A crew works on the vintage AT-6 airplane Midnight Miss III in preparation… (Scott Sonner, Associated…)
RENO — Anele Brooks is one of the many who came back.
A year after a vintage World War II fighter plane crashed at the annual air races here, killing 10 spectators and the pilot and injuring about 70 others, the San Luis Obispo-area woman sat in a box seat on the airport tarmac, not far from where the carnage occurred.
And even now, she refused to flinch at the sky.
She first came to this race in 1978, on the arm of her then-boyfriend. His friends told him back then that any date who could appreciate the beauty of those magnificent men in their flying machines was marriage material. The couple wed the following year — and since then have missed only a few of the annual races and aerobatic displays.
The other day, Brooks watched as the 2012 event at Reno-Stead Airport opened with a somber ceremony, a tearful remembrance by the Reno mayor and revamped safety rules ordered by the National Transportation Safety Board. While her eyes were on the here and now, Brooks' thoughts were on the past.
Wearing a T-shirt bearing an image of a vintage 1932 Gee Bee racer plane, the 54-year-old real estate agent recalled what happened last Sept. 16 when the Galloping Ghost — a modified P-51 Mustang piloted by Jimmy Leeward — did the unthinkable and killed people who came to see it.

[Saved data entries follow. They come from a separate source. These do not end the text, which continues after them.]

(* Let $G$ be a graph with vertex set $[n]$ and let $P$ be a monomial in $\mathcal E_G$. Then $P$ is simple if and only if $P$ has no repeated variables and $\operatorname{supp}(P)$ has no cycles. Moreover, if $P$ is simple, then $\Pi(P)$ is the set partition of $[n]$ given by the cycles of $\sigma_P$.
   Context: The Fomin–Kirillov algebra $\mathcal E_n$ is the quadratic $\mathbf Q$-algebra with generators $x_{ij}=-x_{ji}$ for distinct $i,j\in[n]$, subject to the relations: $x_{ij}^2=0$ for distinct $i,j$; $x_{ij}x_{kl}=x_{kl}x_{ij}$ for distinct $i,j,k,l$; and $x_{ij}x_{jk}+x_{jk}x_{ki}+x_{ki}x_{ij}=0$ for distinct $i,j,k$. For a graph $G$ on vertex set $[n]$, $\mathcal E_G$ is the subalgebra of $\mathcal E_n$ generated by the $x_{ij}$ with $\overline{ij}$ an edge of $G$. A monomial is a product $P=x_{i_1j_1}\cdots x_{i_dj_d}$ of generators (with edges in $G$); its degree is $d(P)=d$; its $S_n$-degree is $\sigma_P=(i_1\;j_1)\cdots(i_d\;j_d)\in S_n$; $\operatorname{supp}(P)$ is the subgraph of $G$ (on vertex set $[n]$) whose edges are the $\overline{ij}$ with $x_{ij}$ appearing in $P$; and $\Pi(P)$ is the set partition of $[n]$ into the vertex sets of the connected components of $\operatorname{supp}(P)$. A monomial $P$ is called simple if $\sigma_P$ has exactly $n-d(P)$ cycles (counting fixed points). *)

theory Defs
  imports "HOL-Combinatorics.Combinatorics"
begin

definition is_graph :: "nat \<Rightarrow> nat set set \<Rightarrow> bool" where
  "is_graph n G \<longleftrightarrow> (\<forall>e\<in>G. \<exists>i j. e = {i, j} \<and> i \<noteq> j \<and> i \<in> {1..n} \<and> j \<in> {1..n})"

text \<open>A monomial x_{i1 j1} ... x_{id jd} in E_G, recorded as the word of its index pairs.\<close>
definition is_monomial :: "nat \<Rightarrow> nat set set \<Rightarrow> (nat \<times> nat) list \<Rightarrow> bool" where
  "is_monomial n G P \<longleftrightarrow> (\<forall>(i, j)\<in>set P. i \<noteq> j \<and> i \<in> {1..n} \<and> j \<in> {1..n} \<and> {i, j} \<in> G)"

definition mdeg :: "(nat \<times> nat) list \<Rightarrow> nat" where
  "mdeg P = length P"

definition sigma :: "(nat \<times> nat) list \<Rightarrow> nat \<Rightarrow> nat" where
  "sigma P = foldr (\<lambda>(i, j) f. transpose i j \<circ> f) P id"

definition perm_cycles :: "nat \<Rightarrow> (nat \<Rightarrow> nat) \<Rightarrow> nat set set" where
  "perm_cycles n s = (\<lambda>x. {y \<in> {1..n}. \<exists>k. (s ^^ k) x = y}) ` {1..n}"

definition simple_monomial :: "nat \<Rightarrow> (nat \<times> nat) list \<Rightarrow> bool" where
  "simple_monomial n P \<longleftrightarrow> int (card (perm_cycles n (sigma P))) = int n - int (mdeg P)"

definition no_repeated_vars :: "(nat \<times> nat) list \<Rightarrow> bool" where
  "no_repeated_vars P \<longleftrightarrow> distinct (map (\<lambda>(i, j). {i, j}) P)"
lemma full_rank_lattice_nearest_point:
  assumes "full_rank_lattice (L :: (real^'n) set)"
  obtains l0 where "l0 \<in> L" "\<And>l. l \<in> L \<Longrightarrow> dist x l0 \<le> dist x l"
proof -
  obtain R where R: "\<And>x. \<exists>l\<in>L. dist x l \<le> R"
    using full_rank_lattice_bounded_distance[OF assms] by metis
  define S where "S = L \<inter> cball x R"
  have "norm l \<le> norm x + R" if "l \<in> cball x R" for l
    using that norm_triangle_sub[of l x] by (simp add: dist_norm norm_minus_commute)
  then have "S \<subseteq> L \<inter> cball 0 (norm x + R)" by (auto simp: S_def)
  then have fin: "finite S"
    using finite_full_rank_lattice_Int_cball[OF assms] finite_subset by blast
  have ne: "S \<noteq> {}" using R[of x] by (auto simp: S_def)
  define l0 where "l0 = arg_min_on (dist x) S"
  have "l0 \<in> S" using arg_min_if_finite(1)[OF fin ne] by (simp add: l0_def)
  moreover have "dist x l0 \<le> dist x l" if "l \<in> L" for l
  proof (cases "l \<in> S")
    case True
    then show ?thesis unfolding l0_def by (rule arg_min_least[OF fin ne])
  next
    case False
    with \<open>l0 \<in> S\<close> that show ?thesis by (auto simp: S_def)
  qed
  ultimately show ?thesis using that by (auto simp: S_def)
qed

lemma INF_dist_le_covering_radius:
  assumes "full_rank_lattice (L :: (real^'n) set)"
  shows "(INF l\<in>L. dist x l) \<le> covering_radius L"
proof -
  obtain R where R: "\<And>x. \<exists>l\<in>L. dist x l \<le> R"
    using full_rank_lattice_bounded_distance[OF assms] by metis
  have "(INF l\<in>L. dist y l) \<le> R" for y
    using R[of y] by (meson bdd_belowI2 zero_le_dist cINF_lower order_trans)
  then have "bdd_above (range (\<lambda>y. INF l\<in>L. dist y l))" by (intro bdd_aboveI) auto
  then show ?thesis unfolding covering_radius_def by (rule cSUP_upper[rotated]) simp
qed

lemma nearest_point_within_covering_radius:
  assumes "full_rank_lattice (L :: (real^'n) set)"
  obtains l0 where "l0 \<in> L" "dist x l0 \<le> covering_radius L" "\<And>l. l \<in> L \<Longrightarrow> dist x l0 \<le> dist x l"
proof -
  obtain l0 where l0: "l0 \<in> L" "\<And>l. l \<in> L \<Longrightarrow> dist x l0 \<le> dist x l"
    using full_rank_lattice_nearest_point[OF assms] by metis
  then have "(INF l\<in>L. dist x l) = dist x l0"
    by (intro antisym cINF_lower cINF_greatest bdd_belowI2[of _ 0]) auto
  then show ?thesis using that l0 INF_dist_le_covering_radius[OF assms, of x] by auto
qed

lemma covering_radius_nonneg:
  assumes "full_rank_lattice (L :: (real^'n) set)"
  shows "covering_radius L \<ge> 0"
  using nearest_point_within_covering_radius[OF assms] by (metis zero_le_dist order_trans)

definition voronoi_cell :: "(real^'n) set \<Rightarrow> (real^'n) set" where
  "voronoi_cell L = {x. \<forall>l\<in>L. norm x \<le> dist x l}"

lemma norm_le_covering_radius_if_voronoi:
  assumes "full_rank_lattice (L :: (real^'n) set)" "x \<in> voronoi_cell L"
  shows "norm x \<le> covering_radius L"
proof -
  obtain l0 where "l0 \<in> L" "dist x l0 \<le> covering_radius L"
    using nearest_point_within_covering_radius[OF assms(1)] by metis
  then show ?thesis using assms(2) unfolding voronoi_cell_def by force
qed

lemma voronoi_cell_lmeasurable:
  assumes "full_rank_lattice (L :: (real^'n) set)"
  shows "voronoi_cell L \<in> lmeasurable"
proof (rule lmeasurable_compact, unfold compact_eq_bounded_closed, intro conjI)
  show "bounded (voronoi_cell L)"
    using norm_le_covering_radius_if_voronoi[OF assms] by (intro boundedI) blast
  have "voronoi_cell L = (\<Inter>l\<in>L. {x. norm x \<le> dist x l})"
    unfolding voronoi_cell_def by auto
  then show "closed (voronoi_cell L)"
    by (auto intro!: closed_INT closed_Collect_le continuous_intros)
qed

text \<open>Two Voronoi cells only meet on the bisecting hyperplane of their centres.\<close>
lemma negligible_voronoi_cell_Int_translate:
  assumes "full_rank_lattice (L :: (real^'n) set)" "l \<in> L" "l \<noteq> 0"
  shows "negligible (voronoi_cell L \<inter> (+) l ` voronoi_cell L)"
proof (rule negligible_subset[OF negligible_hyperplane[of "2 *\<^sub>R l" "l \<bullet> l"]])
  show "voronoi_cell L \<inter> (+) l ` voronoi_cell L \<subseteq> {x. (2 *\<^sub>R l) \<bullet> x = l \<bullet> l}"
  proof clarify
    fix y assume x: "l + y \<in> voronoi_cell L" and y: "y \<in> voronoi_cell L"
    have "norm (l + y) \<le> dist (l + y) l"
      using x assms(2) unfolding voronoi_cell_def by blast
    moreover have "norm y \<le> dist y (- l)"
      using y full_rank_lattice_diff[OF assms(1) full_rank_lattice_zero[OF assms(1)] assms(2)]
      unfolding voronoi_cell_def by auto
    ultimately have "norm (l + y) = norm y" by (simp add: dist_norm add.commute)
    then have "(l + y) \<bullet> (l + y) = y \<bullet> y" by (metis norm_eq)
    then show "(2 *\<^sub>R l) \<bullet> (l + y) = l \<bullet> l"
      by (simp add: inner_commute algebra_simps)
  qed
qed (use assms in simp)

lemma measure_box_cart:
  assumes "\<And>i. (a::real^'n) $ i \<le> b $ i"
  shows "measure lebesgue (box a b) = (\<Prod>i\<in>UNIV. b $ i - a $ i)"
proof -
  have "measure lebesgue (box a b) = measure lborel (box a b)" by simp
  also have "\<dots> = (\<Prod>v\<in>Basis. (b - a) \<bullet> v)"
    using assms by (subst measure_lborel_box_eq) (auto simp: Basis_vec_def cart_eq_inner_axis)
  also have "\<dots> = (\<Prod>i\<in>UNIV. b $ i - a $ i)"
    by (simp add: Basis_vec_def cart_eq_inner_axis axis_eq_axis prod.UNION_disjoint inner_diff_left)
  finally show ?thesis .
qed
(*
  Suppose Z_{psi,A}(n) is undefined. Then the closures of the tables of A whose attributes
  all cost at most n contain complete tables with arbitrarily many columns m. Replacing the
  decisions of such a table gives, again in A, the table whose row delta carries the set of
  positions where the word 1 delta 0 switches from 1 to 0. Every row has a switch point that
  is certified by two adjacent attributes, so psi^a <= 2n. But the m + 1 threshold rows
  1^i 0^(m-i) carry the pairwise different singletons {i}, and a deterministic tree whose
  paths have psi-cost at most h, hence length at most h, has at most 2^h leaves; thus
  m < 2^(psi^d). So H_{psi,A}(2n) is undefined.
*)

theory Submission
  imports Defs "HOL-Library.Infinite_Set"
begin

inductive_simps node_path_Leaf_iff: "node_path (Leaf x) \<alpha> d"
inductive_simps node_path_Node_iff: "node_path (Node f cs) \<alpha> d"
inductive_simps node_att_Leaf_iff: "node_att g (Leaf x)"
inductive_simps node_att_Node_iff: "node_att g (Node f cs)"
inductive_simps det_node_Leaf_iff: "det_node (Leaf x)"
inductive_simps det_node_Node_iff: "det_node (Node f cs)"
inductive_simps wf_node_Leaf_iff: "wf_node (Leaf x)"
inductive_simps wf_node_Node_iff: "wf_node (Node f cs)"

lemmas node_simps = node_path_Leaf_iff node_path_Node_iff node_att_Leaf_iff node_att_Node_iff
  det_node_Leaf_iff det_node_Node_iff wf_node_Leaf_iff wf_node_Node_iff

lemma finite_node_paths: "finite {(\<alpha>, d). node_path v \<alpha> d}"
proof (induction v)
  case (Leaf x)
  have "{(\<alpha>, d). node_path (Leaf x) \<alpha> d} = {([], x)}"
    by (auto simp: node_simps)
  then show ?case by simp
next
  case (Node f cs)
  have "{(\<alpha>, d). node_path (Node f cs) \<alpha> d} \<subseteq>
     (\<Union>p\<in>set cs. (\<lambda>(\<alpha>, d). ((f, fst p) # \<alpha>, d)) ` {(\<alpha>, d). node_path (snd p) \<alpha> d})"
    by (force simp: node_simps)
  moreover have "finite (\<Union>p\<in>set cs. (\<lambda>(\<alpha>, d). ((f, fst p) # \<alpha>, d)) ` {(\<alpha>, d). node_path (snd p) \<alpha> d})"
    using Node by (force intro: finite_UN_I)
  ultimately show ?case by (rule finite_subset)
qed

lemma finite_node_decisions: "finite {d. \<exists>\<alpha>. node_path v \<alpha> d}"
proof -
  have "{d. \<exists>\<alpha>. node_path v \<alpha> d} = snd ` {(\<alpha>, d). node_path v \<alpha> d}" by force
  then show ?thesis using finite_node_paths by simp
qed

lemma finite_tree_paths: "finite {(\<alpha>, d). tree_path \<Gamma> \<alpha> d}"
proof -
  have "{(\<alpha>, d). tree_path \<Gamma> \<alpha> d} = (\<Union>v\<in>set \<Gamma>. {(\<alpha>, d). node_path v \<alpha> d})"
    unfolding tree_path_def by auto
  then show ?thesis using finite_node_paths by simp
qed

text \<open>Distinct boolean edge labels let a deterministic node branch at most twice.\<close>
lemma card_node_decisions_le:
  assumes "det_node v" and "\<And>\<alpha> d. node_path v \<alpha> d \<Longrightarrow> length \<alpha> \<le> h"
  shows "card {d. \<exists>\<alpha>. node_path v \<alpha> d} \<le> 2 ^ h"
  using assms
proof (induction v arbitrary: h rule: det_node.induct)
  case (1 d)
  have "{d'. \<exists>\<alpha>. node_path (Leaf d) \<alpha> d'} = {d}" by (auto simp: node_simps)
  then show ?case by simp
next
  case (2 cs f)
  show ?case
  proof (cases h)
    case 0
    have "{d. \<exists>\<alpha>. node_path (Node f cs) \<alpha> d} = {}"
      using "2.prems" 0 by (force simp: node_simps)
    then show ?thesis by simp
  next
    case (Suc h')
    have child_bound: "card {d. \<exists>\<alpha>. node_path (snd p) \<alpha> d} \<le> 2 ^ h'" if "p \<in> set cs" for p
    proof -
      have "length \<alpha> \<le> h'" if "node_path (snd p) \<alpha> d" for \<alpha> d
      proof -
        have "node_path (Node f cs) ((f, fst p) # \<alpha>) d"
          using \<open>p \<in> set cs\<close> that by (intro node_path.intros(2)[of "fst p" "snd p"]) auto
        then show ?thesis using "2.prems" Suc by fastforce
      qed
      then show ?thesis using "2.IH" that by blast
    qed
    have "card (set cs) = card (fst ` set cs)"
      using "2.hyps" by (simp add: card_image distinct_card distinct_map)
    also have "\<dots> \<le> card (UNIV :: bool set)" by (rule card_mono) auto
    finally have two_children: "card (set cs) \<le> 2" by simp
    have "{d. \<exists>\<alpha>. node_path (Node f cs) \<alpha> d} = (\<Union>p\<in>set cs. {d. \<exists>\<alpha>. node_path (snd p) \<alpha> d})"
      by (force simp: node_simps)
    then have "card {d. \<exists>\<alpha>. node_path (Node f cs) \<alpha> d}
        \<le> (\<Sum>p\<in>set cs. card {d. \<exists>\<alpha>. node_path (snd p) \<alpha> d})"
      by (simp add: card_UN_le)
    also have "\<dots> \<le> (\<Sum>p\<in>set cs. 2 ^ h')" by (rule sum_mono) (rule child_bound)
    also have "\<dots> = card (set cs) * 2 ^ h'" by simp
    also have "\<dots> \<le> 2 ^ h" using two_children Suc by simp
    finally show ?thesis .
  qed
qed

lemma finite_psi_tree_values: "finite {\<psi> (map fst \<alpha>) | \<alpha> d. tree_path \<Gamma> \<alpha> d}"
proof -
  have "{\<psi> (map fst \<alpha>) | \<alpha> d. tree_path \<Gamma> \<alpha> d} = (\<lambda>(\<alpha>, d). \<psi> (map fst \<alpha>)) ` {(\<alpha>, d). tree_path \<Gamma> \<alpha> d}"
    by auto
  then show ?thesis using finite_tree_paths by simp
qed

lemma psi_tree_ge: "tree_path \<Gamma> \<alpha> d \<Longrightarrow> \<psi> (map fst \<alpha>) \<le> psi_tree \<psi> \<Gamma>"
  unfolding psi_tree_def by (rule Max_ge[OF finite_psi_tree_values]) blast

lemma wf_node_has_path: "wf_node v \<Longrightarrow> \<exists>\<alpha> d. node_path v \<alpha> d"
proof (induction v rule: wf_node.induct)
  case (1 d)
  then show ?case by (auto intro: node_path.intros)
next
  case (2 cs f)
  then obtain p where p: "p \<in> set cs" by (metis list.set_intros(1) neq_Nil_conv)
  then obtain \<alpha> d where "node_path (snd p) \<alpha> d" using 2 by blast
  then show ?case
    using p node_path.intros(2)[of "fst p" "snd p" cs] by fastforce
qed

"It was silent," Brooks said. "I was several sections away and I saw the smoke. I was in shock....There were pieces of the aircraft hurtling down the runway. My son grabbed my arm and got me out of there."
This year's show, which ends Sunday, exuded the collective sigh of an event that's relieved to be happening. Reno Air Racing Assn. President Mike Houghton acknowledged as much before the crowd, his voice echoing Thursday off the grandstands on a cloudless summer day.
"Over the past year, we wondered many times whether we'd have the opportunity to see you here today," he said. "It's been a long, long year."
This year brought changes to the premier Reno event, an important annual boost to the regional economy and a show that locals were determined to keep.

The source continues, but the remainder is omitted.